In the previous generations, love is something that you were given, when you were respectful, accomplished your housework, and made your family proud. Their lives, and the lives of their parents and grandparents were very hard, and our sense of parenting often mirrors the social climate of our time. Hard life. Hard parenting. Life is also difficult and unpredictable sometimes, which compels us to fantasize about a self that is hard, harder than the suffering, and we believe this hardness comes from tough love. So, we apply what we have learned from our models, and our fantasies to our self.
Too Much Tough Love
This is where the phrase, “No one is harder on me than I am,” comes from. And, as you are reading this, you may even hold this phrase and belief system in high esteem. In fairness, you come by these views naturally, but what we know is that if you hold a muscle, thought, or feeling with too much hardness for too long that injury and illness will prevail. Some part of us knows that self-compassion can help us heal. The same part of us that finds someone to comfort us, when we are truly unwell, as opposed to someone, who will punish us, and make our condition worse.

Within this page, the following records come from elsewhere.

lemma qint_Suc: "qint (m + 1) = vv * qint m + vp (- m)"
proof -
  have identity: "(a * x - inverse a * inverse x) / (x - inverse x)
      = x * ((a - inverse a) / (x - inverse x)) + inverse a"
    if "x - inverse x \<noteq> 0" "a \<noteq> 0" "x \<noteq> 0" for a x :: qv
    using that by (simp add: divide_simps) (simp add: algebra_simps)
  have "vp (m + 1) = vp m * vv" "vp (- (m + 1)) = inverse (vp m) * inverse vv"
    by (simp_all only: vp_add vp_uminus vp_1 minus_add_distrib inverse_mult_distrib)
  then show ?thesis
    using identity[OF vv_minus_inverse_nonzero vp_nonzero[of m] vv_nonzero]
    by (simp add: qint_def vp_uminus)
qed

lemma qint_in_laurent_int: "m \<ge> 0 \<Longrightarrow> qint m \<in> laurent_int"
proof (induct m rule: int_ge_induct)
  case base
  show ?case
    by (simp add: zero_in_laurent_int)
next
  case (step m)
  show ?case
    unfolding qint_Suc using step vp_in_laurent_int[of 1]
    by (intro laurent_int_add laurent_int_mult vp_in_laurent_int) simp_all
qed

section \<open>Spectral decomposition for commuting elements\<close>

definition roots_poly :: "nat set \<Rightarrow> qv poly" where
  "roots_poly S = (\<Prod>b\<in>S. [:- (vv ^ b), 1:])"

lemma roots_poly_insert:
  "finite S \<Longrightarrow> a \<notin> S \<Longrightarrow> roots_poly (insert a S) = [:- (vv ^ a), 1:] * roots_poly S"
  by (simp add: roots_poly_def)

lemma roots_poly_subset_diff:
  "finite S' \<Longrightarrow> S \<subseteq> S' \<Longrightarrow> roots_poly S' = roots_poly (S' - S) * roots_poly S"
  unfolding roots_poly_def by (rule prod.subset_diff)

lemma poly_roots_poly: "poly (roots_poly S) c = (\<Prod>b\<in>S. c - vv ^ b)"
  by (simp add: roots_poly_def poly_prod)

lemma poly_roots_poly_nonzero: "finite S \<Longrightarrow> a \<notin> S \<Longrightarrow> poly (roots_poly S) (vv ^ a) \<noteq> 0"
  by (auto simp: poly_roots_poly)

context qv_alg begin

(* As the roots v^b are pairwise distinct, spectrum_in u x S says that x is a sum of
   eigenvectors of u with eigenvalues in {v^b | b \<in> S}. *)
definition spectrum_in :: "'a \<Rightarrow> 'a \<Rightarrow> nat set \<Rightarrow> bool" where
  "spectrum_in u x S \<longleftrightarrow> finite S \<and> aeval u (roots_poly S) * x = 0"

lemma spectrum_in_mono: "spectrum_in u x S \<Longrightarrow> finite S' \<Longrightarrow> S \<subseteq> S' \<Longrightarrow> spectrum_in u x S'"
  unfolding spectrum_in_def by (simp add: roots_poly_subset_diff mult.assoc)

lemma spectrum_in_empty: "spectrum_in u x {} \<Longrightarrow> x = 0"
  by (simp add: spectrum_in_def roots_poly_def)

lemma spectrum_in_singleton: "spectrum_in u x {a} \<longleftrightarrow> u * x = phi (vv ^ a) * x"
  by (simp add: spectrum_in_def roots_poly_def algebra_simps)

lemma spectrum_in_add: "spectrum_in u x S \<Longrightarrow> spectrum_in u x' S \<Longrightarrow> spectrum_in u (x + x') S"
  by (simp add: spectrum_in_def distrib_left)

lemma spectrum_in_diff: "spectrum_in u x S \<Longrightarrow> spectrum_in u x' S \<Longrightarrow> spectrum_in u (x - x') S"
  by (simp add: spectrum_in_def right_diff_distrib)

lemma spectrum_in_commute_mult:
  assumes "spectrum_in u x S" "commute u w"
  shows "spectrum_in u (w * x) S"
proof -
  have "commute (aeval u (roots_poly S)) w"
    using assms(2) by (rule commute_aeval_left)
  then have "aeval u (roots_poly S) * (w * x) = w * (aeval u (roots_poly S) * x)"
    by (simp add: commute_def mult.assoc[symmetric])
  then show ?thesis
    using assms(1) by (simp add: spectrum_in_def)
qed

Quick Visualization To Unlock The Door To Your Heart
We are going to take a calculated risk to make sure the door to your heart is always open, warm, and stocked with memories and know-how that help you feel good about your life even when things are difficult.
I want you to imagine yourself on the cold street. Imagine a building, a house, or even a castle. Inside lies your heart, and self-compassion. Notice the door. What color is the door? What does the handle look like? Is there a light on? As you contemplate these questions, notice how you feel in your body right now. Where do you feel most tense? Now, I want you to think of a very warm place, perhaps an island somewhere, or a fireplace. Concentrate on the heat. Notice, where you feel this heat, and send it upwards, and downwards until you are nice and toasty. Now, remember the door, and send the heat towards the door. Notice the door unlock, and welcome you in. Notice how your body feels now. Embrace your newfound sense of relaxation and comfort.
Remember that you did this. No matter where you are, what you have done, or what you are going through, you always have the power to let yourself in. Based on your body’s positive response, I would urge you to let yourself in as often as possible for your well-being, and the well-being of those you care about most.
365 Days Of Self-Compassion. Day 185. In The Books.